• _EXERCISE GOAL_:
Word for word, retype the first line of the records and every following line through the one containing "be an inner".

• _ENTRIES PROVIDED_:
=======
theorem theorem4p2:
  fixes C :: "(nat \<Rightarrow> 'a::{field,finite}) set" and n :: nat
  assumes "is_linear_code n C"
  shows "finite (stab_GL2 (wenum2 n C)) \<longleftrightarrow>
         card {z::complex. poly (map_poly of_int (wenum1 n C)) z = 0} \<ge> 3"
  unfolding wenum2_eq_homogenize using finite_stab_homogenize_iff[OF wenum1_monic[OF assms]] .

end
(* Let $G=(V,E,I,\{s,t\})$ be an inner Eulerian grapht with $|E|\le\omega$ in which $s$ is linked. Then there is a linkage $\mathcal{P}$ of $s$ such that there is a family of pairwise edge-disjoint cycles in $G-E(\mathcal{P})$ covering $\delta_{G-E(\mathcal{P})}(t)$.
   Context: Graphs may have parallel edges but no loops; all paths finite. With terminal set $\{s,t\}$, the grapht is inner Eulerian if no $X\subseteq V\setminus\{s,t\}$ has the number of edges with exactly one end in $X$ equal to an odd natural number. $\delta(x)$ is the set of edges at $x$. A system of edge-disjoint $st$-paths links $s$ if it covers $\delta(s)$; $s$ is linked if such a system exists; a linkage of $s$ is a system linking $s$ in which each path contains an edge of $\delta(s)$. $E(\mathcal{P})$ is the union of edge sets of paths in $\mathcal{P}$. *)

theory Defs
  imports Main "HOL-Library.Countable_Set"
begin

text \<open>Parallel edges are allowed since distinct edges may have the same ends.\<close>

definition multigraph :: "'v set \<Rightarrow> 'e set \<Rightarrow> ('e \<Rightarrow> 'v set) \<Rightarrow> bool" where
  "multigraph V E I \<longleftrightarrow> (\<forall>e\<in>E. I e \<subseteq> V \<and> card (I e) = 2)"

definition cut_edges :: "'e set \<Rightarrow> ('e \<Rightarrow> 'v set) \<Rightarrow> 'v set \<Rightarrow> 'e set" where
  "cut_edges E I X = {e \<in> E. card (I e \<inter> X) = 1}"

definition delta :: "'e set \<Rightarrow> ('e \<Rightarrow> 'v set) \<Rightarrow> 'v \<Rightarrow> 'e set" where
  "delta E I x = {e \<in> E. x \<in> I e}"

definition inner_eulerian :: "'v set \<Rightarrow> 'e set \<Rightarrow> ('e \<Rightarrow> 'v set) \<Rightarrow> 'v \<Rightarrow> 'v \<Rightarrow> bool" where
  "inner_eulerian V E I s t \<longleftrightarrow>
     (\<forall>X. X \<subseteq> V - {s, t} \<longrightarrow> \<not> (finite (cut_edges E I X) \<and> odd (card (cut_edges E I X))))"

definition is_path :: "'e set \<Rightarrow> ('e \<Rightarrow> 'v set) \<Rightarrow> 'v list \<times> 'e list \<Rightarrow> bool" where
  "is_path E I P \<longleftrightarrow> (case P of (vs, es) \<Rightarrow>
      length vs = Suc (length es) \<and> distinct vs \<and>
      (\<forall>i < length es. es ! i \<in> E \<and> I (es ! i) = {vs ! i, vs ! Suc i}))"

definition st_path :: "'e set \<Rightarrow> ('e \<Rightarrow> 'v set) \<Rightarrow> 'v \<Rightarrow> 'v \<Rightarrow> 'v list \<times> 'e list \<Rightarrow> bool" where
  "st_path E I s t P \<longleftrightarrow> is_path E I P \<and> hd (fst P) = s \<and> last (fst P) = t"

definition path_edges :: "'v list \<times> 'e list \<Rightarrow> 'e set" where
  "path_edges P = set (snd P)"

definition system_edges :: "('v list \<times> 'e list) set \<Rightarrow> 'e set" where
  "system_edges \<P> = (\<Union>P\<in>\<P>. path_edges P)"

definition edge_disjoint_st_system ::
  "'e set \<Rightarrow> ('e \<Rightarrow> 'v set) \<Rightarrow> 'v \<Rightarrow> 'v \<Rightarrow> ('v list \<times> 'e list) set \<Rightarrow> bool" where
  "edge_disjoint_st_system E I s t \<P> \<longleftrightarrow>
     (\<forall>P\<in>\<P>. st_path E I s t P) \<and>
     (\<forall>P\<in>\<P>. \<forall>Q\<in>\<P>. P \<noteq> Q \<longrightarrow> path_edges P \<inter> path_edges Q = {})"
lemma gen_field_singleton_eq_span_powers:
  assumes F: "subfield F" and alg: "\<And>y. algebraic_over F y"
  shows "gen_field F {x} = span_over F ((\<lambda>i. x ^ i) ` {..<degree (min_poly F x)})"
    (is "_ = span_over F (?P ` {..<?n})")
proof (rule subset_antisym)
  show "gen_field F {x} \<subseteq> span_over F (?P ` {..<?n})"
  proof
    fix y assume "y \<in> gen_field F {x}"
    then obtain p where p: "poly_over F p" "y = poly p x"
      using gen_field_singleton[OF F alg] by blast
    obtain r where r: "poly_over F r" "r = 0 \<or> degree r < ?n" "min_poly F x dvd p - r"
      using poly_over_reduce[OF F min_poly_poly_over[OF F alg] min_poly_monic[OF F alg] p(1)] .
    have "poly (p - r) x = 0"
      using r(3) min_poly_root[OF F alg] by (metis dvdE mult_eq_0_iff poly_mult)
    moreover have "degree r < ?n"
      using r(2) degree_min_poly_pos[OF F alg] by auto
    ultimately have "y = (\<Sum>z\<in>?P ` {..<?n}. coeff r (inv_into {..<?n} ?P z) * z)"
      using p(2) poly_eq_sum_powers[OF inj_on_powers_min_poly[OF F alg]] by simp
    moreover have "\<forall>z\<in>?P ` {..<?n}. coeff r (inv_into {..<?n} ?P z) \<in> F"
      using r(1) unfolding poly_over_def by blast
    ultimately show "y \<in> span_over F (?P ` {..<?n})"
      unfolding span_over_def
      by (intro CollectI exI[of _ "\<lambda>z. coeff r (inv_into {..<?n} ?P z)"]) simp
  qed
  show "span_over F (?P ` {..<?n}) \<subseteq> gen_field F {x}"
    using gen_field_gens_subset[of "{x}" F]
    by (intro span_over_subset subfield_gen_field gen_field_base_subset)
       (auto intro!: subfield_power[OF subfield_gen_field])
qed

lemma min_poly_maps_roots:
  assumes F: "subfield F" and a: "algebraic_over F a" and b: "algebraic_over F b"
    and p: "poly_over F p" "b = poly p a" and q: "poly_over F q" "a = poly q b"
    and y: "poly (min_poly F a) y = 0"
  shows "poly (min_poly F b) (poly p y) = 0" and "poly q (poly p y) = y"
proof -
  have "poly_over F (pcompose (min_poly F b) p)" "poly_over F (pcompose q p - [:0, 1:])"
    using F p(1) q(1) min_poly_poly_over[OF F b]
    by (auto intro!: poly_over_pcompose poly_over_diff poly_over_x)
  moreover have "poly (pcompose (min_poly F b) p) a = 0" "poly (pcompose q p - [:0, 1:]) a = 0"
    using p(2) q(2) min_poly_root[OF F b] by (auto simp: poly_pcompose)
  ultimately have "poly (pcompose (min_poly F b) p) y = 0" "poly (pcompose q p - [:0, 1:]) y = 0"
    using min_poly_root_vanishes[OF F a _ _ y] by blast+
  then show "poly (min_poly F b) (poly p y) = 0" "poly q (poly p y) = y"
    by (simp_all add: poly_pcompose)
qed
(* Let $H$ be a subgroup of Thompson's group $F$. Assume that for every pair of finite binary words $u$ and $v$, each of which contains both digits $0$ and $1$, there is an element $h\in H$ with the pair of branches $u\rightarrow v$. Then $\mathrm{Cl}(H)$ contains the derived subgroup $[F,F]$.
   Context: Thompson's group $F$ is the group of all piecewise linear homeomorphisms of $[0,1]$ with finitely many breakpoints, all breakpoints dyadic fractions and all slopes integer powers of $2$. For a finite binary word $u$, let $[u]$ denote the dyadic interval $[.u,\,.u111\ldots]$ (numbers whose binary expansion begins with $u$). An element $h\in F$ has the pair of branches $u\rightarrow v$ if $h$ maps $[u]$ linearly onto $[v]$, i.e. $h(.u\alpha)=.v\alpha$ for every infinite binary word $\alpha$. For $H\le F$, the closure $\mathrm{Cl}(H)$ is the subgroup of $F$ consisting of all piecewise-$H$ functions: those $f\in F$ for which there is a finite subdivision of $[0,1]$ into intervals such that on each interval $f$ coincides with some element of $H$. *)

theory Defs
  imports "HOL-Analysis.Analysis" "HOL-Algebra.Generated_Groups"
begin

definition dyadic :: "real \<Rightarrow> bool" where
  "dyadic x \<longleftrightarrow> (\<exists>(k::int) (n::nat). x = of_int k / 2 ^ n)"

definition subdivision01 :: "real list \<Rightarrow> bool" where
  "subdivision01 xs \<longleftrightarrow> length xs \<ge> 2 \<and> sorted_wrt (<) xs \<and> hd xs = 0 \<and> last xs = 1"

definition thompsonF_set :: "(real \<Rightarrow> real) set" where
  "thompsonF_set = {f. (\<forall>x. x \<notin> {0..1} \<longrightarrow> f x = x)
      \<and> (\<exists>g. homeomorphism {0..1} {0..1} f g)
      \<and> (\<exists>xs. subdivision01 xs \<and> (\<forall>x\<in>set xs. dyadic x)
           \<and> (\<forall>i < length xs - 1. \<exists>(k::int) (b::real).
                 \<forall>x\<in>{xs!i .. xs!(i+1)}. f x = 2 powi k * x + b))}"

definition thompsonF :: "(real \<Rightarrow> real) monoid" where
  "thompsonF = \<lparr>carrier = thompsonF_set, mult = (\<lambda>f g. f \<circ> g), one = id\<rparr>"

text \<open>Finite binary words are bool lists (True = digit 1, False = digit 0).\<close>
definition word_val :: "bool list \<Rightarrow> real" where
  "word_val u = (\<Sum>i<length u. (if u!i then 1 else 0) / 2 ^ (Suc i))"

definition inf_val :: "(nat \<Rightarrow> bool) \<Rightarrow> real" where
  "inf_val \<alpha> = (\<Sum>i. (if \<alpha> i then 1 else 0) / 2 ^ (Suc i))"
=======
• _WRITTEN ANSWER_:
theorem theorem4p2:
  fixes C :: "(nat \<Rightarrow> 'a::{field,finite}) set" and n :: nat
  assumes "is_linear_code n C"
  shows "finite (stab_GL2 (wenum2 n C)) \<longleftrightarrow>
         card {z::complex. poly (map_poly of_int (wenum1 n C)) z = 0} \<ge> 3"
  unfolding wenum2_eq_homogenize using finite_stab_homogenize_iff[OF wenum1_monic[OF assms]] .

end
(* Let $G=(V,E,I,\{s,t\})$ be an inner Eulerian grapht with $|E|\le\omega$ in which $s$ is linked. Then there is a linkage $\mathcal{P}$ of $s$ such that there is a family of pairwise edge-disjoint cycles in $G-E(\mathcal{P})$ covering $\delta_{G-E(\mathcal{P})}(t)$.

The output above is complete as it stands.